#### [What the task asks]
Filter by the string "simp": return the lines of the material that contain it.

#### [Task data]

lemma local_linear_convergence:
  fixes Q :: "real^'k^'d" and lam a :: "'k \<Rightarrow> real"
  defines "M \<equiv> Q ** diagm lam ** transpose Q" and "D \<equiv> diagm a"
  assumes Q: "Q \<in> Stiefel" and lam: "\<And>i. lam i \<ge> 0" and a: "\<And>i. a i \<ge> 0"
    and \<eta>: "\<eta> > 0"
    and growth: "\<And>X. X \<in> Stiefel \<Longrightarrow> \<eta> * (dF X Q)\<^sup>2 \<le> quad_form M D Q - quad_form M D X"
  obtains \<delta>\<^sub>0 where "0 < \<delta>\<^sub>0" "\<delta>\<^sub>0 \<le> 1/2"
    "\<And>\<delta> \<alpha>. 0 \<le> \<delta> \<Longrightarrow> \<delta> \<le> \<delta>\<^sub>0 \<Longrightarrow> 0 \<le> \<alpha> \<Longrightarrow> \<exists>c \<gamma>. c > 0 \<and> 0 < \<gamma> \<and> \<gamma> < 1 \<and>
       (\<forall>Xs. Xs 0 \<in> Stiefel \<and> quad_form M D Q - quad_form M D (Xs 0) \<le> \<delta>\<^sup>2 * \<eta>
          \<and> (\<forall>t. Xs (Suc t) \<in> PSt (\<alpha> *\<^sub>R Xs t + M ** Xs t ** D)) \<longrightarrow>
        (\<forall>t. quad_form M D Q - quad_form M D (Xs (Suc t))
               \<le> \<gamma> * (quad_form M D Q - quad_form M D (Xs t))
             \<and> dF (Xs t) Q \<le> c * sqrt (quad_form M D Q - quad_form M D (Xs 0)) * sqrt \<gamma> ^ t))"
proof -
  define k where "k = real CARD('k)"
  obtain \<delta>\<^sub>0 where \<delta>\<^sub>0: "0 < \<delta>\<^sub>0" "\<delta>\<^sub>0 \<le> 1/2" "\<delta>\<^sub>0 * (2 * sqrt k * norm M * norm D) \<le> \<eta> / 2"
    using exists_small_multiplier[OF \<eta>, of "2 * sqrt k * norm M * norm D"] by (auto simp: k_def)
  show thesis
  proof (rule that[OF \<delta>\<^sub>0(1,2)])
    fix \<delta> \<alpha> :: real
    assume \<delta>: "0 \<le> \<delta>" "\<delta> \<le> \<delta>\<^sub>0" and \<alpha>: "0 \<le> \<alpha>"
    have "0 \<le> (2 * (norm M * sqrt k * norm D) * (sqrt k * (1 + k/2)) + \<alpha>) * (1 + sqrt k)\<^sup>2"
      using \<alpha> by (simp add: k_def)
    then obtain \<theta> where \<theta>: "0 < \<theta>" "\<theta> \<le> 1/2"
      "\<theta> * ((2 * (norm M * sqrt k * norm D) * (sqrt k * (1 + k/2)) + \<alpha>) * (1 + sqrt k)\<^sup>2) \<le> \<eta> / 2"
      by (rule exists_small_multiplier[OF \<eta>])
    have "\<delta> * (2 * sqrt k * norm M * norm D) \<le> \<delta>\<^sub>0 * (2 * sqrt k * norm M * norm D)"
      using \<delta>(2) by (rule mult_right_mono) (simp add: k_def)
    then have "(2 * sqrt k * norm M * norm D) * \<delta> \<le> \<eta> / 2"
      using \<delta>\<^sub>0(3) mult.commute[of "2 * sqrt k * norm M * norm D" \<delta>] by linarith
    then have contract: "quad_form M D Q - quad_form M D Y \<le> (1 - \<theta>) * (quad_form M D Q - quad_form M D X)"
      if "X \<in> Stiefel" "quad_form M D Q - quad_form M D X \<le> \<delta>\<^sup>2 * \<eta>"
        "Y \<in> PSt (\<alpha> *\<^sub>R X + M ** X ** D)" for X Y
      using contraction_step[where Q = Q and lam = lam and a = a, folded M_def D_def k_def,
          OF Q lam a growth \<eta> \<delta>(1) _ _ \<alpha> less_imp_le[OF \<theta>(1)] \<theta>(3) that] \<delta> \<delta>\<^sub>0(2)
      by linarith
    have PSt_St: "PSt (\<alpha> *\<^sub>R X + M ** X ** D) \<subseteq> Stiefel" for X
      by (auto simp: PSt_def)
    show "\<exists>c \<gamma>. c > 0 \<and> 0 < \<gamma> \<and> \<gamma> < 1 \<and>
       (\<forall>Xs. Xs 0 \<in> Stiefel \<and> quad_form M D Q - quad_form M D (Xs 0) \<le> \<delta>\<^sup>2 * \<eta>
          \<and> (\<forall>t. Xs (Suc t) \<in> PSt (\<alpha> *\<^sub>R Xs t + M ** Xs t ** D)) \<longrightarrow>
        (\<forall>t. quad_form M D Q - quad_form M D (Xs (Suc t))
               \<le> \<gamma> * (quad_form M D Q - quad_form M D (Xs t))
             \<and> dF (Xs t) Q \<le> c * sqrt (quad_form M D Q - quad_form M D (Xs 0)) * sqrt \<gamma> ^ t))"
      using linear_convergence_of_local_contraction[where f = "\<lambda>X. quad_form M D Q - quad_form M D X",
          OF \<eta> _ _ growth dF_nonneg PSt_St contract] \<theta> \<eta>
      by (intro exI[of _ "1 / sqrt \<eta>"] exI[of _ "1 - \<theta>"]) auto
  qed
qed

#### [Result of this task]
    using exists_small_multiplier[OF \<eta>, of "2 * sqrt k * norm M * norm D"] by (auto simp: k_def)
      using \<alpha> by (simp add: k_def)
      using \<delta>(2) by (rule mult_right_mono) (simp add: k_def)
      by (auto simp: PSt_def)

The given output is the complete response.